Activity:
Go to the line containing "(geg_poly d n) x" in the records below. Repeat it and the lines after it exactly, all the way to the end.

Exercise input:
(* For $x\in[-1,1]$, in $L^2(\mu_d)$, $$\mathrm{ReLU}(x)=\frac{1}{\beta(\frac12,\frac{d-1}2)(d-1)}G^{(d)}_0(x)+\frac12G^{(d)}_1(x)+\sum_{k\ge1}(-1)^{k+1}\frac{(2k-3)!!}{\beta(\frac12,\frac{d-1}2)\prod_{j=0}^k(d+2j-1)}B(d,2k)G^{(d)}_{2k}(x).$$ Consequently, for every integer $m\ge1$, $$\big\|P^{(d)}_{\ge2m}\mathrm{ReLU}\big\|_{L^2(\mu_d)}^2=\sum_{k\ge m}\frac{((2k-3)!!)^2B(d,2k)}{\beta(\frac12,\frac{d-1}2)^2\prod_{j=0}^k(d+2j-1)^2}.$$
   Context: $\mu_d$ is the law of $x\cdot e_1$ for $x$ uniform on the unit sphere $\mathcal S^{d-1}(1)$, i.e. density $\frac1{\beta(\frac12,\frac{d-1}2)}(1-x^2)^{\frac{d-3}2}$ on $[-1,1]$, with $\beta$ the Beta function. Gegenbauer polynomials: $G^{(d)}_0=1$, $G^{(d)}_1(x)=x$, $G^{(d)}_k(x)=\frac{d+2k-4}{d+k-3}xG^{(d)}_{k-1}(x)-\frac{k-1}{d+k-3}G^{(d)}_{k-2}(x)$; they satisfy $\mathbb E_{\mu_d}[G^{(d)}_kG^{(d)}_j]=\delta_{jk}B(d,k)^{-1}$, where $B(d,0)=1$ and $B(d,k)=\frac{(k+d-3)!(2k+d-2)}{k!(d-2)!}$ for $k\ge1$. Projections: $P^{(d)}_kf=B(d,k)\langle f,G^{(d)}_k\rangle_{L^2(\mu_d)}G^{(d)}_k$ and $P^{(d)}_{\ge k}=\sum_{\ell\ge k}P^{(d)}_\ell$. Convention $(-1)!!=1$. *)

theory Defs
  imports "HOL-Analysis.Analysis"
begin

definition mu :: "nat \<Rightarrow> real measure" where
  "mu d = density lborel (\<lambda>x. ennreal (indicator {-1..1} x *
      (1 - x\<^sup>2) powr ((real d - 3) / 2) / Beta (1/2) ((real d - 1) / 2)))"

fun Geg :: "nat \<Rightarrow> nat \<Rightarrow> real \<Rightarrow> real" where
  "Geg d 0 x = 1"
| "Geg d (Suc 0) x = x"
| "Geg d (Suc (Suc j)) x =
     (let k = Suc (Suc j) in
       (real d + 2 * real k - 4) / (real d + real k - 3) * x * Geg d (Suc j) x
       - (real k - 1) / (real d + real k - 3) * Geg d j x)"

definition Bdk :: "nat \<Rightarrow> nat \<Rightarrow> real" where
  "Bdk d k = (if k = 0 then 1 else
     fact (k + d - 3) * (2 * real k + real d - 2) / (fact k * fact (d - 2)))"

text \<open>Double factorial on integers, with n!! = 1 for n \<le> 0 (in particular (-1)!! = 1).\<close>
function dfact :: "int \<Rightarrow> real" where
  "dfact n = (if n \<le> 0 then 1 else real_of_int n * dfact (n - 2))"
  by auto
termination by (relation "Wellfounded.measure (\<lambda>n. nat n)") auto

declare dfact.simps[simp del]

definition relu :: "real \<Rightarrow> real" where
  "relu x = max x 0"

definition Pk :: "nat \<Rightarrow> nat \<Rightarrow> (real \<Rightarrow> real) \<Rightarrow> real \<Rightarrow> real" where
  "Pk d k f x = Bdk d k * (\<integral>y. f y * Geg d k y \<partial>mu d) * Geg d k x"

text \<open>P_{>=k} f = sum_{l>=k} P_l f, the series taken in L^2(mu_d): an L^2 function which is
  the L^2(mu_d)-limit of the partial sums sum_{l=k}^{N-1} P_l f.\<close>
definition Pge :: "nat \<Rightarrow> nat \<Rightarrow> (real \<Rightarrow> real) \<Rightarrow> real \<Rightarrow> real" where
  "Pge d k f = (SOME g. g \<in> borel_measurable (mu d) \<and> integrable (mu d) (\<lambda>x. (g x)\<^sup>2) \<and>
      (\<lambda>N. \<integral>x. (g x - (\<Sum>l\<in>{k..<N}. Pk d l f x))\<^sup>2 \<partial>mu d) \<longlonglongrightarrow> 0)"

definition L2sq :: "nat \<Rightarrow> (real \<Rightarrow> real) \<Rightarrow> real" where
  "L2sq d f = (\<integral>x. (f x)\<^sup>2 \<partial>mu d)"

end

(*
  Against mu_d, the integral of a polynomial, and of relu times a polynomial, reduces
  (substituting u = x^2 in Euler's Beta integral) to the half-range moments
  m_n = B((n+1)/2, (d-1)/2) / (2 B(1/2, (d-1)/2)), which satisfy (n + d) m_(n+2) = (n + 1) m_n.
  This recurrence is integration by parts against the weight (1 - x^2)^((d-3)/2).  Together
  with (1 - x^2) G_(n+1)' = (n + 1) (G_n - x G_(n+1)) it gives the orthogonality of the
  Gegenbauer polynomials and ||G_n||^2 = 1/B(d,n).  On the half interval [0,1] the same
  integration by parts leaves the boundary term G_n(0)/beta, which yields the ReLU coefficients
  <relu, G_n> = - G_n(0) / ((n - 1) (n + d - 1) beta) for n >= 2, with G_n(0) explicit.
  Weierstrass approximation makes the Gegenbauer partial sums of relu converge in L^2(mu_d),
  and Bessel's identity turns the tail of the expansion into the stated series.
*)

theory Submission
  imports Defs "HOL-Computational_Algebra.Polynomial"
begin

section \<open>Moment functionals on polynomials\<close>

definition moment_functional :: "(nat \<Rightarrow> real) \<Rightarrow> real poly \<Rightarrow> real" where
  "moment_functional c p = (\<Sum>i\<le>degree p. coeff p i * c i)"

lemma moment_functional_bound:
  "degree p \<le> n \<Longrightarrow> moment_functional c p = (\<Sum>i\<le>n. coeff p i * c i)"
  unfolding moment_functional_def by (rule sum.mono_neutral_left) (auto simp: coeff_eq_0)

lemma moment_functional_0 [simp]: "moment_functional c 0 = 0"
  by (simp add: moment_functional_def)

lemma moment_functional_add:
  "moment_functional c (p + q) = moment_functional c p + moment_functional c q"
proof -
  define n where "n = max (degree p) (degree q)"
  have "moment_functional c (p + q) = (\<Sum>i\<le>n. coeff p i * c i + coeff q i * c i)"
    unfolding n_def by (subst moment_functional_bound[OF degree_add_le]) (auto simp: algebra_simps)
  also have "\<dots> = moment_functional c p + moment_functional c q"
    unfolding sum.distrib using moment_functional_bound[of p n c] moment_functional_bound[of q n c]
    by (simp add: n_def)
  finally show ?thesis .
qed

lemma moment_functional_smult:
  "moment_functional c (smult a p) = a * moment_functional c p"
  by (simp add: moment_functional_bound[OF degree_smult_le] moment_functional_def
      sum_distrib_left mult.assoc)

lemma moment_functional_diff:
  "moment_functional c (p - q) = moment_functional c p - moment_functional c q"
  using moment_functional_add[of c p "- q"] moment_functional_smult[of c "-1" q] by simp

lemma moment_functional_sum:
  "moment_functional c (\<Sum>i\<in>A. f i) = (\<Sum>i\<in>A. moment_functional c (f i))"
  by (induction A rule: infinite_finite_induct) (simp_all add: moment_functional_add)

lemma moment_functional_monom: "moment_functional c (monom a n) = a * c n"
proof -
  have "moment_functional c (monom a n) = (\<Sum>i\<le>n. if i = n then a * c n else 0)"
    unfolding moment_functional_bound[OF degree_monom_le] by (intro sum.cong) (auto simp: coeff_monom)
  then show ?thesis by simp
qed

lemma moment_functional_power_X: "moment_functional c ([:0, 1:] ^ n) = c n"
  using moment_functional_monom[of c 1 n] by (simp add: monom_altdef)

lemma moment_functional_1: "moment_functional c 1 = c 0"
  using moment_functional_power_X[of c 0] by simp

lemma moment_functional_X: "moment_functional c [:0, 1:] = c 1"
  using moment_functional_power_X[of c 1] by simp

lemma moment_functional_X_X: "moment_functional c ([:0, 1:] * [:0, 1:]) = c 2"
  using moment_functional_power_X[of c 2] by (simp add: power2_eq_square)

lemma poly_linear_functional_eqI:
  fixes F H :: "real poly \<Rightarrow> real"
  assumes "\<And>p q. F (p + q) = F p + F q" "\<And>a p. F (smult a p) = a * F p"
    and "\<And>p q. H (p + q) = H p + H q" "\<And>a p. H (smult a p) = a * H p"
    and "\<And>n. F (monom 1 n) = H (monom 1 n)"
  shows "F p = H p"
proof -
  have sum: "\<Phi> (\<Sum>i\<in>A. f i) = (\<Sum>i\<in>A. \<Phi> (f i))"
    if "\<And>p q. \<Phi> (p + q) = \<Phi> p + \<Phi> q" "\<And>a p. \<Phi> (smult a p) = a * \<Phi> p"
    for \<Phi> :: "real poly \<Rightarrow> real" and A f
    using that(2)[of 0 0] by (induction A rule: infinite_finite_induct) (simp_all add: that(1))
  have "F (monom (coeff p i) i) = H (monom (coeff p i) i)" for i
    using assms(2,4,5) by (metis mult.right_neutral smult_monom)
  then show ?thesis
    by (subst (1 2) poly_as_sum_of_monoms[symmetric])
       (simp add: sum[of F, OF assms(1,2)] sum[of H, OF assms(3,4)])
qed

(* Integration by parts against a weight w with ((1 - x^2) w)' = - e x w, written on monomials,
   where it is the moment recurrence.  The term c 1 * p(0) is the boundary term at 0 when w lives
   on [0,1] only; for an even weight c 1 = 0. *)
lemma moment_functional_pearson:
  fixes c :: "nat \<Rightarrow> real" and e :: real
  assumes rec: "\<And>n. (real n + e + 1) * c (n + 2) = (real n + 1) * c n"
  shows "moment_functional c ([:1, 0, -1:] * pderiv p)
           = e * (moment_functional c ([:0, 1:] * p) - c 1 * poly p 0)"
proof (rule poly_linear_functional_eqI[where p = p])
  fix n :: nat
  show "moment_functional c ([:1, 0, -1:] * pderiv (monom 1 n))
      = e * (moment_functional c ([:0, 1:] * monom 1 n) - c 1 * poly (monom 1 n) 0)"
  proof (cases n)
    case 0
    then show ?thesis by (simp add: pderiv_monom moment_functional_X)
  next
    case (Suc k)
    have "[:1, 0, -1:] = monom (1::real) 0 - monom 1 2"
      by (simp add: poly_eq_iff coeff_pCons coeff_monom numeral_2_eq_2 split: nat.split)
    then have lhs: "[:1, 0, -1:] * pderiv (monom 1 n) = monom (real n) k - monom (real n) (k + 2)"
      unfolding Suc pderiv_monom by (simp only: left_diff_distrib mult_monom) simp
    have rhs: "[:0, 1:] * monom (1::real) n = monom 1 (k + 2)"
      by (simp add: Suc monom_altdef)
    show ?thesis
      unfolding lhs rhs using rec[of k]
      by (simp add: Suc moment_functional_diff moment_functional_monom poly_monom algebra_simps)
  qed
qed (simp_all only: pderiv_add pderiv_smult distrib_left mult_smult_right poly_add poly_smult
       moment_functional_add moment_functional_smult, simp_all add: algebra_simps)

section \<open>Gegenbauer polynomials\<close>

fun geg_poly :: "nat \<Rightarrow> nat \<Rightarrow> real poly" where
  "geg_poly d 0 = 1"
| "geg_poly d (Suc 0) = [:0, 1:]"
| "geg_poly d (Suc (Suc n)) =
     smult ((real d + 2 * real n) / (real d + real n - 1)) ([:0, 1:] * geg_poly d (Suc n))
     - smult ((real n + 1) / (real d + real n - 1)) (geg_poly d n)"

lemma poly_geg_poly [simp]: "poly (geg_poly d n) x = Geg d n x"
  by (induction d n rule: geg_poly.induct) (simp_all add: Let_def algebra_simps)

Written response:
lemma poly_geg_poly [simp]: "poly (geg_poly d n) x = Geg d n x"
  by (induction d n rule: geg_poly.induct) (simp_all add: Let_def algebra_simps)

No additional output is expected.